When the Sacramento-area rapes were first being reported, it was always by women who were alone or with their children. But by 1977, a year after Jane’s attack, the list of victims had expanded to couples in their homes.
Police believe the East Area Rapist killed Brian and Katie Maggiore after the couple — who were walking their dog at the time — spotted him before he broke into a home in Rancho Cordova, California, just outside Sacramento, in February 1978. Those were his first known homicides.
“We thought he would never stop, but then two months after the Maggiore homicides, the East Area Rapist left our jurisdiction. It was like he disappeared in thin air,” said Carol Daly, a retired detective from the Sacramento County Sheriff’s Department.
That’s when a serial attacker began terrorizing Santa Barbara County, California — more than 300 miles south of Sacramento. Police didn’t realize it at the time, but the attacker’s crimes fit the same pattern as Sacramento’s East Area Rapist. He attacked women and couples across Southern California from December 1979 to May 1986, and became known there as the Original Night Stalker.
“These cases are some of the most horrific I’ve had to investigate,” said Erika Hutchcraft, an investigator for the Orange County District Attorney’s Office. “They’re not a one-time, you know, crime of passion, but these are almost passionless crimes. Very cold, very violent.”
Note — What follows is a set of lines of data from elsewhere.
lemma Gr_respects_ground_strata:
  assumes "program P"
    and st: "\<forall>cl \<in> P. \<forall>L \<in> set (cl_body cl). case L of
        Pos a \<Rightarrow> atom_ok P st (\<le>) (cl_pred cl) a
      | Neg a \<Rightarrow> atom_ok P st (<) (cl_pred cl) a
      | Eq _ _ \<Rightarrow> True"
    and "(h, body) \<in> Gr P" and "L \<in> set body"
  shows "case L of
      Pos a \<Rightarrow> ground_stratum st a \<le> ground_stratum st h
    | Neg a \<Rightarrow> ground_stratum st a < ground_stratum st h
    | Eq _ _ \<Rightarrow> True"
proof -
  obtain cl \<sigma> L\<^sub>0 where cl: "cl \<in> P" and L\<^sub>0: "L\<^sub>0 \<in> set (cl_body cl)"
    and \<sigma>: "\<forall>(v, t) \<in> vars_clause cl. \<sigma> (v, t) \<in> U P t"
    and h: "h = subst \<sigma> (cl_head cl)" and L: "L = subst_lit \<sigma> L\<^sub>0"
    using assms(3,4) by (auto simp: Gr_def)
  have head: "ground_stratum st h = st (cl_pred cl)"
    by (simp add: h ground_stratum_subst_head)
  have "case L\<^sub>0 of
      Pos a \<Rightarrow> atom_ok P st (\<le>) (cl_pred cl) a
    | Neg a \<Rightarrow> atom_ok P st (<) (cl_pred cl) a
    | Eq _ _ \<Rightarrow> True"
    using st cl L\<^sub>0 by blast
  moreover have "\<forall>(v, t) \<in> vars_lit L\<^sub>0. \<sigma> (v, t) \<in> U P t"
    using \<sigma> L\<^sub>0 by (auto simp: vars_clause_def)
  ultimately show ?thesis
    unfolding L head
    by (rule ground_instance_respects_strata[OF assms(1) body_lit_wf[OF assms(1) cl L\<^sub>0]])
qed

theorem lemma2:
  fixes P :: "('v, 'c) clause set"
  assumes "program P" and "stratified P"
  shows "locally_stratified (U P TO) (Gr P)"
proof -
  obtain st :: "'c \<times> ty \<Rightarrow> nat" where st: "\<forall>cl \<in> P. \<forall>L \<in> set (cl_body cl).
     (case L of
        Pos a \<Rightarrow> atom_ok P st (\<le>) (cl_pred cl) a
      | Neg a \<Rightarrow> atom_ok P st (<) (cl_pred cl) a
      | Eq _ _ \<Rightarrow> True)"
    using assms(2) unfolding stratified_def by blast
  show ?thesis
    by (rule locally_stratified_natI[where st = "ground_stratum st"])
      (rule Gr_respects_ground_strata[OF assms(1) st])
qed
Even with such distance between Sacramento and Southern California, detectives in the north who heard about the Original Night Stalker believed he was the same perpetrator as the East Area Rapist.
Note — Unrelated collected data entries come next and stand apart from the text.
lemma qrel_sym:
  assumes \<rho>: "per_equiv C D A \<rho>" and \<sigma>: "per_equiv C D B \<sigma>"
    and fg: "f \<in> hom C A B" "g \<in> hom C A B" "qrel C D (A,\<rho>) (B,\<sigma>) f g"
  shows "qrel C D (A,\<rho>) (B,\<sigma>) g f"
proof -
  have h: "f \<in> cArr C" "cdom C f = A" "ccod C f = B" "g \<in> cArr C" "cdom C g = A" "ccod C g = B"
    using fg by (auto simp: hom_def)
  then have AB: "A \<in> cObj C" "B \<in> cObj C" by auto
  note Pr = per_equiv_Pr[OF \<rho>] per_equiv_Pr[OF \<sigma>]
  let ?p1 = "cpr1 C A A" and ?p2 = "cpr2 C A A" and ?AA = "cprod C A A"
  have \<rho>_swap: "dle D ?AA \<rho> (dre D (cpair C ?p2 ?p1) \<rho>)"
    using per_equiv_sym[OF \<rho>, of ?p1 ?p2] AB Pr by simp
  have rel_swap: "dle D ?AA (dre D (cpair C ?p2 ?p1) \<rho>) (dre D (cpair C (ccomp C f ?p2) (ccomp C g ?p1)) \<sigma>)"
    using qrel_at[OF Pr fg, of ?p2 ?p1] AB by simp
  have \<sigma>_swap: "dle D ?AA (dre D (cpair C (ccomp C f ?p2) (ccomp C g ?p1)) \<sigma>)
      (dre D (cpair C (ccomp C g ?p1) (ccomp C f ?p2)) \<sigma>)"
    using per_equiv_sym[OF \<sigma>, of "ccomp C f ?p2" "ccomp C g ?p1"] AB h by simp
  have "dle D ?AA \<rho> (dre D (cpair C (ccomp C g ?p1) (ccomp C f ?p2)) \<sigma>)"
    by (rule dle_trans[OF dle_trans[OF \<rho>_swap rel_swap] \<sigma>_swap]) (use AB h Pr in simp_all)
  then show ?thesis unfolding qrel_iff .
qed
(* Let $D\ge1$, let $Q_D$ be the $D$-dimensional hypercube on $X=\{0,1\}^D$ with adjacency matrix $A$, and let $E_1V$ be the eigenspace of $A$ in $V=\mathbb{R}^X$ for the eigenvalue $D-2$. Every antisymmetric $A$-like matrix $B$ leaves $E_1V$ invariant, and the restriction map $B\mapsto B|_{E_1V}$ is a bijection from the space of antisymmetric $A$-like matrices onto the space of linear maps $T:E_1V\to E_1V$ satisfying $\langle Tu,w\rangle=-\langle u,Tw\rangle$ for all $u,w\in E_1V$.
   Context: $Q_D$ is the graph with vertex set $X=\{0,1\}^D$, two vertices adjacent iff they differ in exactly one coordinate. Matrices are real with rows and columns indexed by $X$ and act on $V=\mathbb{R}^X$, equipped with the standard inner product $\langle u,w\rangle=u^tw$. A matrix $B$ is $A$-like if $BA=AB$ and $B_{xy}=0$ for all $x,y\in X$ that are neither equal nor adjacent; it is antisymmetric if $B^t=-B$. *)

theory Defs
  imports Complex_Main "HOL-Library.FuncSet"
begin

text \<open>Matrices are real functions on
pairs of vertices, vectors real functions on vertices; both are required to vanish
outside the vertex set so that they are uniquely determined by their entries on X.\<close>

type_synonym vtx = "bool list"
type_synonym mat = "vtx \<Rightarrow> vtx \<Rightarrow> real"
type_synonym vec = "vtx \<Rightarrow> real"

definition hcube :: "nat \<Rightarrow> vtx set" where
  "hcube D = {x. length x = D}"

definition hadj :: "nat \<Rightarrow> vtx \<Rightarrow> vtx \<Rightarrow> bool" where
  "hadj D x y \<longleftrightarrow> x \<in> hcube D \<and> y \<in> hcube D \<and> card {i. i < D \<and> x ! i \<noteq> y ! i} = 1"

definition adjmat :: "nat \<Rightarrow> mat" where
  "adjmat D x y = (if hadj D x y then 1 else 0)"
(* Let $\Omega=\{(u,v)\in\mathbb R^2: 0<u<2^{1/3},\ v>0\}$ and let $I\ni t\mapsto(u(t),v(t))\in\Omega$ be the maximal solution of $$u'=\frac23\,\frac{2-u^3}{u^3v^3},\qquad v'=-\frac23\,\frac{1-2u^3}{u^4v^2},\qquad u(0)=v(0)=1.$$ Then this solution parametrizes the whole curve $v=1/\sqrt{u(2-u^3)}$, $0<u<2^{1/3}$; its existence interval is $I=(t_{min},+\infty)$ with $$t_{min}=-\frac32\int_0^1\frac{x^{3/2}}{(2-x^3)^{5/2}}\,dx,$$ and $\lim_{t\to t_{min}}u(t)=0$, $\lim_{t\to t_{min}}v(t)=+\infty$, $\lim_{t\to+\infty}u(t)=2^{1/3}$, $\lim_{t\to+\infty}v(t)=+\infty$. *)

theory Defs
  imports "HOL-Analysis.Analysis"
begin

definition Omega :: "(real \<times> real) set" where
  "Omega = {(u, v). 0 < u \<and> u < root 3 2 \<and> 0 < v}"

definition Fu :: "real \<Rightarrow> real \<Rightarrow> real" where
  "Fu u v = (2/3) * (2 - u^3) / (u^3 * v^3)"

definition Fv :: "real \<Rightarrow> real \<Rightarrow> real" where
  "Fv u v = - (2/3) * (1 - 2 * u^3) / (u^4 * v^2)"

definition is_solution :: "real set \<Rightarrow> (real \<Rightarrow> real) \<Rightarrow> (real \<Rightarrow> real) \<Rightarrow> bool" where
  "is_solution I u v \<longleftrightarrow>
     open I \<and> is_interval I \<and> 0 \<in> I \<and> u 0 = 1 \<and> v 0 = 1 \<and>
     (\<forall>t\<in>I. (u t, v t) \<in> Omega \<and>
        (u has_real_derivative Fu (u t) (v t)) (at t) \<and>
        (v has_real_derivative Fv (u t) (v t)) (at t))"

definition is_maximal_solution :: "real set \<Rightarrow> (real \<Rightarrow> real) \<Rightarrow> (real \<Rightarrow> real) \<Rightarrow> bool" where
  "is_maximal_solution I u v \<longleftrightarrow>
     is_solution I u v \<and>
     (\<forall>J u' v'. is_solution J u' v' \<and> I \<subseteq> J \<and> (\<forall>t\<in>I. u' t = u t \<and> v' t = v t) \<longrightarrow> J = I)"

definition t_min :: real where
  "t_min = - (3/2) * integral {0..1} (\<lambda>x::real. x powr (3/2) / (2 - x^3) powr (5/2))"

end

theory Submission
  imports Defs
begin

text \<open>The quantity \<open>v^2 u (2 - u^3)\<close> is a first integral of the system, so a solution
  through \<open>(1, 1)\<close> stays on the level curve \<open>v = 1 / sqrt (u (2 - u^3))\<close>. On that curve
  \<open>u' = 2 / (3 phi u)\<close>, where \<open>phi x = x^(3/2) / (2 - x^3)^(5/2)\<close> is the integrand of
  \<open>t_min\<close>; hence \<open>t = T (u t)\<close> for the arrival time \<open>T x = t_min + (3/2) \<integral>\<^sub>0\<^sup>x phi\<close>, since \<open>T 1 = 0\<close>.
  \<open>T\<close> increases from \<open>T 0 = t_min\<close> to \<open>+\<infinity>\<close> as \<open>x \<rightarrow> 2^(1/3)\<close>, because \<open>phi\<close> dominates a
  multiple of the derivative of \<open>(2 - x^3)^(-3/2)\<close>. So \<open>T\<close> is a bijection onto
  \<open>(t_min, \<infinity>)\<close>; its inverse, completed by the curve, is the maximal solution, and the
  boundary behaviour follows because \<open>u (2 - u^3) \<rightarrow> 0\<close> at both ends.\<close>

lemma DERIV_inverse_sqrt:
  assumes "(w has_real_derivative w') (at x)" "0 < w x"
  shows "((\<lambda>x. 1 / sqrt (w x)) has_real_derivative - w' / (2 * w x * sqrt (w x))) (at x)"
  using assms by (auto intro!: derivative_eq_intros simp: field_simps)

lemma filterlim_inverse_sqrt_at_top:
  fixes f :: "'a \<Rightarrow> real"
  assumes "(f \<longlongrightarrow> 0) F" "eventually (\<lambda>t. 0 < f t) F"
  shows "filterlim (\<lambda>t. 1 / sqrt (f t)) at_top F"
proof -
  have "filterlim f (at_right 0) F"
    using assms by (rule tendsto_imp_filterlim_at_right)
  from filterlim_compose[OF sqrt_at_top filterlim_compose[OF filterlim_inverse_at_top_right this]]
  show ?thesis unfolding inverse_eq_divide real_sqrt_divide real_sqrt_one .
qed

lemma DERIV_inverse_on_open:
  fixes f g :: "real \<Rightarrow> real"
  assumes "open S" "x \<in> S"
    and "\<And>y. y \<in> S \<Longrightarrow> (f has_real_derivative f' y) (at y)"
    and "\<And>y. y \<in> S \<Longrightarrow> g (f y) = y" and "f' x \<noteq> 0"
  shows "(g has_real_derivative inverse (f' x)) (at (f x))"
  unfolding has_field_derivative_def
  by (rule has_derivative_inverse_on[where f'="\<lambda>y. (*) (f' y)"])
     (use assms in \<open>auto simp: has_field_derivative_def\<close>)

lemma DERIV_zero_imp_constant_on_interval:
  fixes f :: "real \<Rightarrow> real"
  assumes "is_interval J" "\<And>t. t \<in> J \<Longrightarrow> (f has_real_derivative 0) (at t)" "s \<in> J" "t \<in> J"
  shows "f t = f s"
proof -
  obtain c where "\<forall>t\<in>J. f t = c"
    using has_field_derivative_zero_constant[of J f] assms(1,2)
    by (metis has_field_derivative_at_within is_interval_convex_1)
  then show ?thesis using assms(3,4) by simp
qed

lemma mono_on_onto_interval_tendsto_at_top:
  fixes g :: "real \<Rightarrow> real"
  assumes mono: "mono_on {c<..} g" and onto: "g ` {c<..} = {a<..<b}"
  shows "(g \<longlongrightarrow> b) at_top"
proof (rule order_tendstoI)
  have bounds: "a < g t" "g t < b" if "c < t" for t
    using that onto by auto
  {
    fix y assume "y < b"
    define m where "m = (max y a + b) / 2"
    have m: "m \<in> {a<..<b}" "y < m"
      using \<open>y < b\<close> bounds[of "c + 1"] unfolding m_def by auto
    obtain t0 where t0: "c < t0" "g t0 = m"
      using m(1) onto by (metis greaterThan_iff imageE)
    have "eventually (\<lambda>t. t0 \<le> t) at_top" by (rule eventually_ge_at_top)
    then show "eventually (\<lambda>t. y < g t) at_top"
    proof eventually_elim
      case (elim t)
      with t0 mono_onD[OF mono, of t0 t] m(2) show ?case by auto
    qed
  next
    fix y assume "b < y"
    have "eventually (\<lambda>t. c < t) at_top" by (rule eventually_gt_at_top)
    then show "eventually (\<lambda>t. g t < y) at_top"
      by eventually_elim (use bounds(2) \<open>b < y\<close> in \<open>blast intro: less_trans\<close>)
  }
qed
“Over the years, we heard of homicides down in Southern California, and we thought it was the East Area Rapist,” said Larry Crompton, retired detective for Contra Costa County Sheriff’s Department. “But he would not leave fingerprints, so we could not prove, other than his M.O., that he was the same person. We did not know anything about DNA.”
Once DNA tests were available to investigators, they were able to confirm the same man committed three of the attacks that had previously been blamed on the so-called East Area Rapist, according to Paul Holes, who investigated the case for the Contra Costa County District Attorney’s Office.
“That’s when I reached out to Orange County” in Southern California, he says, “just to see, you know, if the East Area Rapist DNA was a match with the Original Night Stalker.”
In 2001, DNA evidence determined the East Area Rapist was the same offender as the Original Night Stalker.
In 2016 — 40 years after his first attack — the FBI offered a $50,000 reward for any information that could lead to his arrest and conviction.
“The sheriff’s department never gave up on this investigation,” Detective Paul Belli of the Sacramento County Sheriff’s Department said at the time. “This person ruined a great number of lives, and he should be held accountable.”
The FBI describes him as a white male, close to 6 feet tall, with blond or light brown hair.
“We have his DNA,” said Holes. “If we find the right guy, we will know we got the Golden State Killer. This is a solvable case.”
Note: Unless stated otherwise, the interviews from this story came from the HLN series “Unmasking A Killer.”